After her escape from the circus, Mah from Pavement Butterfly finds safety with a starving artist. The two obsess over one another and help each other achieve their dreams; this bond eventually leads to the first sale of the artist’s work. The painting is a portrait of Mah which is sold to a wealthy socialite just after he sees her dancing in the street. Duplicating the image of Mah and selling it to another man makes Mah a transactional item between two men from different social spectrums. The same was true for Anna May Wong, quickly becoming an international sensation. “She made damned well certain they saw she was no shrinking lotus, but everything one had come to expect of an American “It” girl,” writes Salisbury (81). The artist and the socialite, infatuated with Mah in Pavement Butterfly, influence her life like Wong is influenced by the film industry. Wong knew she needed to stay strong to carve her path as producers and showmen attempted to dictate her every move.

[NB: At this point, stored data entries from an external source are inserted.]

(* Let $(X,d,\theta)$ be a $\theta$-metric space with $\theta$ a $B$-action. Then for every $a\in X$ and every $k>0$ there exists $r>0$ such that for all $b\in X$ with $d(a,b)\ge k$ and all $c\in X$, one has $d(a,c)+d(c,b)\ge r$.
   Context: A $B$-action is a map $\theta:[0,\infty)\times[0,\infty)\to[0,\infty)$ that is continuous in each variable separately and satisfies: (i) $\theta(0,0)=0$ and $\theta(s,t)=\theta(t,s)$ for all $s,t\ge0$; (ii) $\theta(x,y)<\theta(s,t)$ whenever either $x\le s,\ y<t$ or $x<s,\ y\le t$; (iii) for each $m\in\mathrm{Im}(\theta)=\{\theta(s,t):s,t\ge0\}$ and each $t\in[0,m]$ there is $s\in[0,m]$ with $\theta(s,t)=m$; (iv) $\theta(s,0)\le s$ for all $s>0$. A $\theta$-metric on a non-empty set $X$ with respect to a $B$-action $\theta$ is a map $d:X\times X\to[0,\infty)$ such that for all $x,y,z\in X$: $d(x,y)=0$ iff $x=y$; $d(x,y)=d(y,x)$; $d(x,z)\le\theta(d(x,y),d(y,z))$. *)

theory Defs
  imports "HOL-Analysis.Analysis"
begin

text \<open>A B-action: a map theta on [0,inf) x [0,inf) into [0,inf), represented as a
  real function whose values off the nonnegative quadrant are irrelevant.\<close>
definition B_action :: "(real \<Rightarrow> real \<Rightarrow> real) \<Rightarrow> bool" where
  "B_action \<theta> \<longleftrightarrow>
     (\<forall>s\<ge>0. \<forall>t\<ge>0. \<theta> s t \<ge> 0) \<and>
     (\<forall>t\<ge>0. continuous_on {0..} (\<lambda>s. \<theta> s t)) \<and>
     (\<forall>s\<ge>0. continuous_on {0..} (\<lambda>t. \<theta> s t)) \<and>
     \<theta> 0 0 = 0 \<and>
     (\<forall>s\<ge>0. \<forall>t\<ge>0. \<theta> s t = \<theta> t s) \<and>
     (\<forall>x y s t. 0 \<le> x \<and> 0 \<le> y \<and> 0 \<le> s \<and> 0 \<le> t \<and>
        ((x \<le> s \<and> y < t) \<or> (x < s \<and> y \<le> t)) \<longrightarrow> \<theta> x y < \<theta> s t) \<and>
     (\<forall>m \<in> {\<theta> s t | s t. s \<ge> 0 \<and> t \<ge> 0}. \<forall>t\<in>{0..m}. \<exists>s\<in>{0..m}. \<theta> s t = m) \<and>
     (\<forall>s>0. \<theta> s 0 \<le> s)"

definition theta_metric :: "(real \<Rightarrow> real \<Rightarrow> real) \<Rightarrow> 'a set \<Rightarrow> ('a \<Rightarrow> 'a \<Rightarrow> real) \<Rightarrow> bool" where
  "theta_metric \<theta> X d \<longleftrightarrow> X \<noteq> {} \<and>
     (\<forall>x\<in>X. \<forall>y\<in>X. d x y \<ge> 0) \<and>
     (\<forall>x\<in>X. \<forall>y\<in>X. d x y = 0 \<longleftrightarrow> x = y) \<and>
     (\<forall>x\<in>X. \<forall>y\<in>X. d x y = d y x) \<and>
     (\<forall>x\<in>X. \<forall>y\<in>X. \<forall>z\<in>X. d x z \<le> \<theta> (d x y) (d y z))"

end

theory Submission
  imports Defs
begin

text \<open>Since \<open>\<theta>(s,0) \<le> s\<close>, continuity of \<open>\<theta>(s,\<cdot>)\<close> at \<open>0\<close> and strict monotonicity make
  \<open>\<theta>\<close> small on a small square \<open>[0,r)\<^sup>2\<close>. If \<open>d(a,c) + d(c,b)\<close> were below \<open>r\<close>, both
  summands would lie in that square, so \<open>d(a,b) \<le> \<theta>(d(a,c), d(c,b))\<close> would be below \<open>k\<close>.\<close>

lemma B_action_strict_mono:
  assumes "B_action \<theta>" "0 \<le> x" "0 \<le> y" "x < s" "y < t"
  shows "\<theta> x y < \<theta> s t"
  using assms unfolding B_action_def by (meson less_imp_le order_trans)

lemma B_action_small_near_zero:
  assumes \<theta>: "B_action \<theta>" and k: "k > 0"
  obtains r where "r > 0" "\<And>x y. 0 \<le> x \<Longrightarrow> x < r \<Longrightarrow> 0 \<le> y \<Longrightarrow> y < r \<Longrightarrow> \<theta> x y < k"
proof -
  define s where "s = k / 2"
  have s: "s > 0" "s < k" using k by (simp_all add: s_def)
  have "\<theta> s 0 \<le> s" using \<theta> s(1) unfolding B_action_def by blast
  with s(2) have "\<theta> s 0 < k" by linarith
  moreover have "continuous_on {0..} (\<theta> s)" using \<theta> s unfolding B_action_def by auto
  ultimately obtain \<delta> where \<delta>: "\<delta> > 0"
    "\<And>t. 0 \<le> t \<Longrightarrow> dist t 0 < \<delta> \<Longrightarrow> dist (\<theta> s t) (\<theta> s 0) < k - \<theta> s 0"
    unfolding continuous_on_iff by (metis atLeast_iff diff_gt_0_iff_gt order_refl)
  then have \<delta>': "\<And>t. 0 \<le> t \<Longrightarrow> t < \<delta> \<Longrightarrow> \<theta> s t < k"
    by (simp add: dist_real_def abs_less_iff)
  define t where "t = \<delta> / 2"
  have t: "t > 0" "\<theta> s t < k" using \<delta>(1) \<delta>' by (simp_all add: t_def)
  show thesis
  proof (rule that[of "min s t"])
    show "min s t > 0" using s t by simp
    show "\<theta> x y < k" if "0 \<le> x" "x < min s t" "0 \<le> y" "y < min s t" for x y
      using B_action_strict_mono[OF \<theta>, of x y s t] that t by simp
  qed
qed

theorem mainTheorem9:
  fixes \<theta> :: "real \<Rightarrow> real \<Rightarrow> real" and X :: "'a set" and d :: "'a \<Rightarrow> 'a \<Rightarrow> real"
  assumes "B_action \<theta>" and "theta_metric \<theta> X d"
  shows "\<forall>a\<in>X. \<forall>k>0. \<exists>r>0. \<forall>b\<in>X. d a b \<ge> k \<longrightarrow> (\<forall>c\<in>X. d a c + d c b \<ge> r)"
proof (intro ballI allI impI)
  fix a k assume a: "a \<in> X" and k: "(k::real) > 0"
  obtain r where r: "r > 0" "\<And>x y. 0 \<le> x \<Longrightarrow> x < r \<Longrightarrow> 0 \<le> y \<Longrightarrow> y < r \<Longrightarrow> \<theta> x y < k"
    using B_action_small_near_zero[OF assms(1) k] by blast
  show "\<exists>r>0. \<forall>b\<in>X. d a b \<ge> k \<longrightarrow> (\<forall>c\<in>X. d a c + d c b \<ge> r)"
  proof (intro exI[of _ r] conjI ballI impI r(1))
    fix b c assume b: "b \<in> X" and far: "k \<le> d a b" and c: "c \<in> X"
    have nonneg: "0 \<le> d a c" "0 \<le> d c b"
      using assms(2) a b c unfolding theta_metric_def by auto
    have triangle: "d a b \<le> \<theta> (d a c) (d c b)"
      using assms(2) a b c unfolding theta_metric_def by blast
    show "r \<le> d a c + d c b"
    proof (rule ccontr)
      assume "\<not> r \<le> d a c + d c b"
      then have "\<theta> (d a c) (d c b) < k" using r(2) nonneg by simp
      with triangle far show False by linarith
    qed
  qed
qed

end
theorem perturbed_trajectory_tendsto_fixpoint:
  assumes a: "a \<in> S" "G a = a"
    and bounded: "\<And>y. y \<in> S \<Longrightarrow> d y a \<le> M"
    and x: "\<And>j. x j \<in> S" "\<And>j. x (Suc j) = F (Suc j) (x j)"
    and uniform: "\<And>\<delta>. \<delta> > 0 \<Longrightarrow> \<forall>\<^sub>F j in sequentially. \<forall>y\<in>S. d (F j y) (G y) \<le> \<delta>"
  shows "(\<lambda>k. d (x k) a) \<longlonglongrightarrow> 0"
proof (rule LIMSEQ_I)
  fix e :: real assume e: "0 < e"
  have "0 \<le> M" using bounded[OF a(1)] nonneg[OF a(1) a(1)] by linarith
  then have "(\<lambda>p. (\<phi> ^^ p) M) \<longlonglongrightarrow> 0"
    using comparison by (simp add: comparison_fun_def)
  then have "\<forall>\<^sub>F p in sequentially. (\<phi> ^^ p) M < e / 2"
    using e by (intro order_tendstoD(2)) auto
  then obtain m where m: "(\<phi> ^^ m) M < e / 2"
    by (auto simp: eventually_sequentially)
  define \<delta> where "\<delta> = e / (2 * (real m + 1))"
  have "0 < \<delta>" using e by (simp add: \<delta>_def)
  have m\<delta>: "real m * \<delta> < e / 2"
    using e by (simp add: \<delta>_def field_simps)
  obtain N where N: "\<And>j y. N \<le> j \<Longrightarrow> y \<in> S \<Longrightarrow> d (F j y) (G y) \<le> \<delta>"
    using uniform[OF \<open>0 < \<delta>\<close>] unfolding eventually_sequentially by blast
  show "\<exists>K. \<forall>k\<ge>K. norm (d (x k) a - 0) < e"
  proof (intro exI allI impI)
    fix k assume k: "N + m \<le> k"
    define k0 where "k0 = k - m"
    have k_eq: "k = k0 + m" using k by (simp add: k0_def)
    have "N \<le> k0" using k by (simp add: k0_def)
    then have close: "\<And>j y. k0 < j \<Longrightarrow> y \<in> S \<Longrightarrow> d (F j y) (G y) \<le> \<delta>"
      using N by simp
    have "d (x k) a \<le> d (x k) ((G ^^ m) (x k0)) + d ((G ^^ m) (x k0)) a"
      using triangle x(1) funpow_maps a(1) by blast
    also have "\<dots> \<le> real m * \<delta> + (\<phi> ^^ m) M"
    proof (intro add_mono)
      show "d (x k) ((G ^^ m) (x k0)) \<le> real m * \<delta>"
        unfolding k_eq by (rule perturbed_trajectory_drift[of x F, OF x(1) x(2)]) (auto intro: close)
      have "d ((G ^^ m) (x k0)) a \<le> (\<phi> ^^ m) (d (x k0) a)"
        by (rule dist_funpow_fixpoint_le[OF x(1) a])
      also have "\<dots> \<le> (\<phi> ^^ m) M"
        by (rule comparison_fun_funpow_mono[OF comparison nonneg[OF x(1) a(1)] bounded[OF x(1)]])
      finally show "d ((G ^^ m) (x k0)) a \<le> (\<phi> ^^ m) M" .
    qed
    finally have "d (x k) a < e"
      using m m\<delta> by linarith
    then show "norm (d (x k) a - 0) < e"
      using nonneg[OF x(1)[of k] a(1)] by simp
  qed
qed

end

section \<open>The Hausdorff distance\<close>

lemma hausdorff_dist_commute: "hausdorff_dist A B = hausdorff_dist B A"
  by (simp add: hausdorff_dist_def max.commute)

lemma infdist_le_hausdorff_dist:
  assumes "bounded A" "B \<noteq> {}" "x \<in> A"
  shows "infdist x B \<le> hausdorff_dist A B"
proof -
  obtain b where b: "b \<in> B" using assms(2) by blast
  obtain e where e: "\<And>y. y \<in> A \<Longrightarrow> dist b y \<le> e"
    using assms(1) bounded_any_center by blast
  have "infdist y B \<le> e" if "y \<in> A" for y
    using infdist_le[OF b, of y] e[OF that] by (simp add: dist_commute)
  then have "bdd_above ((\<lambda>y. infdist y B) ` A)"
    by (auto simp: bdd_above_def)
  then have "infdist x B \<le> (SUP y\<in>A. infdist y B)"
    using assms(3) by (rule cSUP_upper2) simp
  then show ?thesis unfolding hausdorff_dist_def by linarith
qed

lemma hausdorff_dist_nonneg:
  assumes "bounded A" "A \<noteq> {}" "B \<noteq> {}"
  shows "0 \<le> hausdorff_dist A B"
proof -
  obtain x where "x \<in> A" using assms(2) by blast
  then show ?thesis
    using infdist_le_hausdorff_dist[OF assms(1,3)] infdist_nonneg[of x B] by fastforce
qed

lemma hausdorff_dist_le:
  assumes "A \<noteq> {}" "B \<noteq> {}"
    and "\<And>x. x \<in> A \<Longrightarrow> infdist x B \<le> e" "\<And>y. y \<in> B \<Longrightarrow> infdist y A \<le> e"
  shows "hausdorff_dist A B \<le> e"
  unfolding hausdorff_dist_def using assms by (auto intro!: cSUP_least)

lemma infdist_le_plus_infdistI:
  assumes "B \<noteq> {}" "\<And>y. y \<in> B \<Longrightarrow> infdist x C \<le> c + dist x y"
  shows "infdist x C \<le> c + infdist x B"
proof -
  have "infdist x C - c \<le> (INF y\<in>B. dist x y)"
    using assms by (intro cINF_greatest) (auto simp: algebra_simps)
  then show ?thesis using assms(1) by (simp add: infdist_def)
qed

lemma hausdorff_dist_triangle:
  assumes "bounded A" "bounded B" "bounded C" "A \<noteq> {}" "B \<noteq> {}" "C \<noteq> {}"
  shows "hausdorff_dist A C \<le> hausdorff_dist A B + hausdorff_dist B C"
proof (rule hausdorff_dist_le)
  fix x assume "x \<in> A"
  have "infdist x C \<le> hausdorff_dist B C + infdist x B"
  proof (rule infdist_le_plus_infdistI[OF assms(5)])
    fix y assume "y \<in> B"
    then show "infdist x C \<le> hausdorff_dist B C + dist x y"
      using infdist_le_hausdorff_dist[OF assms(2,6)] infdist_triangle[of x C y] by force
  qed
  then show "infdist x C \<le> hausdorff_dist A B + hausdorff_dist B C"
    using infdist_le_hausdorff_dist[OF assms(1,5) \<open>x \<in> A\<close>] by linarith
next
  fix z assume "z \<in> C"
  have "infdist z A \<le> hausdorff_dist A B + infdist z B"
  proof (rule infdist_le_plus_infdistI[OF assms(5)])
    fix y assume "y \<in> B"
    then show "infdist z A \<le> hausdorff_dist A B + dist z y"
      using infdist_le_hausdorff_dist[OF assms(2,4)] infdist_triangle[of z A y]
        hausdorff_dist_commute[of B A] by fastforce
  qed
  then show "infdist z A \<le> hausdorff_dist A B + hausdorff_dist B C"
    using infdist_le_hausdorff_dist[OF assms(3,5) \<open>z \<in> C\<close>] hausdorff_dist_commute[of B C] by linarith
qed (use assms in auto)

lemma hausdorff_dist_eq_0_iff:
  assumes "compact A" "compact B" "A \<noteq> {}" "B \<noteq> {}"
  shows "hausdorff_dist A B = 0 \<longleftrightarrow> A = B"
proof
  have subset: "X \<subseteq> Y"
    if "compact X" "compact Y" "Y \<noteq> {}" "hausdorff_dist X Y \<le> 0" for X Y :: "'a set"
  proof
    fix x assume "x \<in> X"
    then have "infdist x Y = 0"
      using infdist_le_hausdorff_dist[OF compact_imp_bounded[OF that(1)] that(3)] that(4)
        infdist_nonneg[of x Y] by fastforce
    then show "x \<in> Y"
      using in_closed_iff_infdist_zero[OF compact_imp_closed[OF that(2)] that(3)] by blast
  qed
  assume "hausdorff_dist A B = 0"
  then have "hausdorff_dist A B \<le> 0" "hausdorff_dist B A \<le> 0"
    by (simp_all add: hausdorff_dist_commute)
  then show "A = B"
    using subset[of A B] subset[of B A] assms by blast
next
  assume "A = B"
  have "hausdorff_dist A A \<le> 0"
    by (rule hausdorff_dist_le) (use assms(3) in auto)
  then show "hausdorff_dist A B = 0"
    unfolding \<open>A = B\<close>[symmetric]
    using hausdorff_dist_nonneg[OF compact_imp_bounded[OF assms(1)] assms(3,3)] by linarith
qed

definition compact_subsets :: "'a::topological_space set \<Rightarrow> 'a set set" where
  "compact_subsets C = {B. compact B \<and> B \<noteq> {} \<and> B \<subseteq> C}"

lemma metric_on_set_hausdorff_dist:
  "metric_on_set (compact_subsets (UNIV :: 'a::metric_space set)) hausdorff_dist"
proof
  fix A B C :: "'a set"
  assume A: "A \<in> compact_subsets UNIV" and B: "B \<in> compact_subsets UNIV"
  then show "0 \<le> hausdorff_dist A B"
    by (simp add: compact_subsets_def hausdorff_dist_nonneg compact_imp_bounded)
  show "hausdorff_dist A B = hausdorff_dist B A"
    by (rule hausdorff_dist_commute)
  show "hausdorff_dist A B = 0 \<longleftrightarrow> A = B"
    using A B by (simp add: compact_subsets_def hausdorff_dist_eq_0_iff)
  assume "C \<in> compact_subsets UNIV"
  then show "hausdorff_dist A C \<le> hausdorff_dist A B + hausdorff_dist B C"
    using A B by (simp add: compact_subsets_def hausdorff_dist_triangle compact_imp_bounded)
qed

lemma hausdorff_dist_le_diameter:
  assumes "bounded C" "A \<subseteq> C" "B \<subseteq> C" "A \<noteq> {}" "B \<noteq> {}"
  shows "hausdorff_dist A B \<le> diameter C"
proof -
  have "infdist x Y \<le> diameter C" if x: "x \<in> C" and Y: "Y \<subseteq> C" "Y \<noteq> {}" for x Y
  proof -
    obtain y where "y \<in> Y" using Y(2) by blast
    then show ?thesis
      using infdist_le[of y Y x] diameter_bounded_bound[OF assms(1) x] Y(1) by force
  qed
  then show ?thesis using assms by (intro hausdorff_dist_le) auto
qed

section \<open>Decreasing sequences of compact sets\<close>

lemma decseq_compact_Inter_nonempty:
  fixes K :: "nat \<Rightarrow> 'a::t2_space set"
  assumes K: "\<And>m. compact (K m)" "\<And>m. K m \<noteq> {}" "decseq K"
  shows "\<Inter>(range K) \<noteq> {}"
proof -
  have "K 0 \<inter> \<Inter>(range K) \<noteq> {}"
  proof (rule compact_imp_fip[OF K(1)])
    show "closed T" if "T \<in> range K" for T
      using that K(1) compact_imp_closed by blast
    fix \<F> assume \<F>: "finite \<F>" "\<F> \<subseteq> range K"
    then obtain I where I: "finite I" "\<F> = K ` I"
      by (meson finite_subset_image)
    have "K (Max (insert 0 I)) \<subseteq> K i" if "i \<in> insert 0 I" for i
      using K(3) I(1) that by (simp add: decseq_def)
    then have "K (Max (insert 0 I)) \<subseteq> K 0 \<inter> \<Inter>\<F>"
      using I(2) by blast
    then show "K 0 \<inter> \<Inter>\<F> \<noteq> {}"
      using K(2) by blast
  qed
  then show ?thesis by blast
qed

lemma decseq_compact_eventually_subset_open:
  fixes K :: "nat \<Rightarrow> 'a::t2_space set"
  assumes K: "\<And>m. compact (K m)" "decseq K" and U: "open U" "\<Inter>(range K) \<subseteq> U"
  shows "\<forall>\<^sub>F m in sequentially. K m \<subseteq> U"
proof -
  have "\<Inter>(range (\<lambda>m. K m - U)) = {}"
    using U(2) by blast
  then obtain m where "K m - U = {}"
    using decseq_compact_Inter_nonempty[of "\<lambda>m. K m - U"] K U(1)
    by (force simp: decseq_def compact_diff)
  then show ?thesis
    using K(2) unfolding eventually_sequentially decseq_def by blast
qed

Though she received artistic freedom like never before in Europe, Anna May Wong would find herself back home because her mother was ill. Before she left Europe, Wong encountered much of the same racism she experienced in America when completing films in which she was finally the lead. Salisbury explains, “The British Board of Film Censors had made it their business to issue an edict on the occurrence of interracial romance in The Flame of Love. A kiss between Anna May and John Longden’s characters had been written in the script. In the British censor’s opinion, it was ‘unseemly for English eyes to watch a kiss between an English actor and an actress whose skin is not white’” (153). For all the open-mindedness in Europe, racism still lingered even for a star of Wong’s status. 

Mah in Pavement Butterfly is not a star like Anna May Wong, but she is the focus of attention of many men. The adoration is intoxicating at first, but Mah realizes that she is losing herself for the people who think of her as an item to own. Unlike Mah, Wong, early on, realized her identity was in flux; she saw no difference between herself and her white classmates until they attacked her. As her star elevated, she needed to become fashionable to the public, but Wong enjoyed the lifestyle of a star. “Outside of the fame and money that came with success, Anna May was having a grand ol’ time. She was nineteen, beautiful, and whip-smart despite never having completed high school. She had a quip or comeback for everything, and that made her amusing fare at cocktail hour” Salisbury suggests (59). Parallel to this, Wong never wavered away from her Chinese identity. In an interview, Wong says, “I’ll explain the best I can how it feels to be an America-born Chinese girl—proud of her parents and of her race, yet so thoroughly Americanized as to demand independence, a career, a life her own” (83). Nobody owned her identity, but like Mah in Pavement Butterfly, people tried to make her their own. 

Hollywood producers were then and still now are on the hunt for the most fashionable trends to display in their films. These trends fill seats in movie theaters but aren’t always the most thoughtful reflection of our society or of the talents bringing films to life. By the end of Pavement Butterfly, Mah realizes she does not belong to anyone. Anna May Wong knew this too and was aware of Hollywood’s attempts to own her. Wong was an actress audiences adored when portraying certain roles and Hollywood producers capitalized on her popularity. Both Mah and Wong are powerful enough to force institutions to disown them and that is what they want; lives and careers to call their own. The movies Wong made in Europe track this phenomenon—one that not only put her at the very top of the opening credits, but also showed her character learning to be her own person, not belonging to anyone.


Footnotes

1  Salisbury, K. G. (2024). Not your China doll: The wild and shimmering life of Anna May Wong. Dutton, an imprint of Penguin Random House LLC.